──────── PROVIDED DATA ────────
lemma multiples_in_period:
  assumes "Q > 0"
  shows "{m \<in> {0..<int (k * Q)}. int Q dvd m} = (\<lambda>q. int Q * int q) ` {..<k}"
proof (intro equalityI subsetI)
  fix m assume "m \<in> {m \<in> {0..<int (k * Q)}. int Q dvd m}"
  then have "0 \<le> m" "m < int Q * int k" "int Q dvd m" by (auto simp: mult.commute)
  then obtain t where m: "m = int Q * t" "0 \<le> int Q * t" "int Q * t < int Q * int k"
    by (auto elim!: dvdE)
  then have "0 \<le> t" "t < int k" using assms
    by (auto simp: zero_le_mult_iff mult_less_cancel_left)
  then show "m \<in> (\<lambda>q. int Q * int q) ` {..<k}"
    using m(1) by (intro image_eqI[where x = "nat t"]) auto
qed (use assms in \<open>auto simp: mult.commute\<close>)

lemma sum_periodic_congruent:
  assumes "periodic (k * Q) G" "Q > 0"
  shows "(\<Sum>m=0..<int (k * Q). if int Q dvd (m - a) then G m else 0)
       = (\<Sum>q<k. G (a + int Q * int q))"
proof -
  let ?H = "\<lambda>m. if int Q dvd (m - a) then G m else 0"
  have "periodic (k * Q) ?H"
  proof (unfold periodic_def, intro allI)
    fix n
    have e: "n + int (k * Q) - a = (n - a) + int k * int Q" by simp
    show "?H (n + int (k * Q)) = ?H n"
      using assms(1) unfolding periodic_def by (simp only: e dvd_add_times_triv_right_iff)
  qed
  then have "(\<Sum>m=0..<int (k * Q). ?H m) = (\<Sum>m=0..<int (k * Q). ?H (m + a))"
    by (rule sum_periodic_shift[symmetric])
  also have "\<dots> = (\<Sum>m\<in>{m\<in>{0..<int (k * Q)}. int Q dvd m}. G (m + a))"
    unfolding sum.inter_filter[OF finite_atLeastLessThan_int] by simp
  also have "\<dots> = (\<Sum>q<k. G (a + int Q * int q))"
    unfolding multiples_in_period[OF assms(2)]
    using assms(2) by (subst sum.reindex) (auto simp: inj_on_def add.commute)
  finally show ?thesis .
qed

lemma cnj_idft: "cnj (idft N F j) = idft N (\<lambda>m. cnj (F m)) (- j)"
  unfolding idft_def by (simp add: om_cnj)

lemma idft_reflect:
  assumes "periodic N F"
  shows "idft N (\<lambda>m. F (- m)) (- j) = idft N F j"
proof -
  have "periodic N (\<lambda>m. F m * om N (j * m))"
    using assms unfolding periodic_def by (simp add: om_shift_period)
  from sum_periodic_reflect[OF this] show ?thesis
    unfolding idft_def by simp
qed

lemma idft_real:
  assumes "periodic N F" "hermitian F"
  shows "complex_of_real (Re (idft N F j)) = idft N F j"
proof -
  have "cnj (idft N F j) = idft N (\<lambda>m. F (- m)) (- j)"
    using assms(2) unfolding cnj_idft hermitian_def by simp
  then have "cnj (idft N F j) = idft N F j"
    using idft_reflect[OF assms(1)] by simp
  then show ?thesis by (simp add: complex_eq_iff)
qed

lemma dft_periodic: "periodic N (dft N y)"
  unfolding periodic_def dft_def by (intro allI sum.cong refl) (simp only: om_shift_period)

lemma dft_real_hermitian: "hermitian (dft N (\<lambda>k. complex_of_real (y k)))"
  unfolding hermitian_def dft_def by (simp add: om_cnj)

lemma dft_idft:
  assumes "periodic N Y" "N > 0"
  shows "dft N (idft N Y) m = Y m"
proof -
  have "dft N (idft N Y) m = (1 / of_nat N) * (\<Sum>k=0..<int N. \<Sum>j=0..<int N. Y j * om N (k * (j - m)))"
    unfolding dft_def idft_def
    by (simp add: sum_distrib_left sum_distrib_right mult_ac algebra_simps flip: om_add)
  also have "\<dots> = (1 / of_nat N) * (\<Sum>j=0..<int N. Y j * (\<Sum>k=0..<int N. om N (k * (j - m))))"
    by (subst sum.swap) (simp add: sum_distrib_left)
  also have "\<dots> = (\<Sum>j=0..<int (1 * N). if int N dvd (j - m) then Y j else 0)"
    using assms(2) by (simp add: sum_om_orthogonality sum_distrib_left if_distrib cong: if_cong)
  also have "\<dots> = Y m"
    using sum_periodic_congruent[of 1 N Y m] assms by simp
  finally show ?thesis .
qed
────────
The lines needed run from the first line of the data through the line containing "fix m assume"; give them again exactly and nothing else.

lemma multiples_in_period:
  assumes "Q > 0"
  shows "{m \<in> {0..<int (k * Q)}. int Q dvd m} = (\<lambda>q. int Q * int q) ` {..<k}"
proof (intro equalityI subsetI)
  fix m assume "m \<in> {m \<in> {0..<int (k * Q)}. int Q dvd m}"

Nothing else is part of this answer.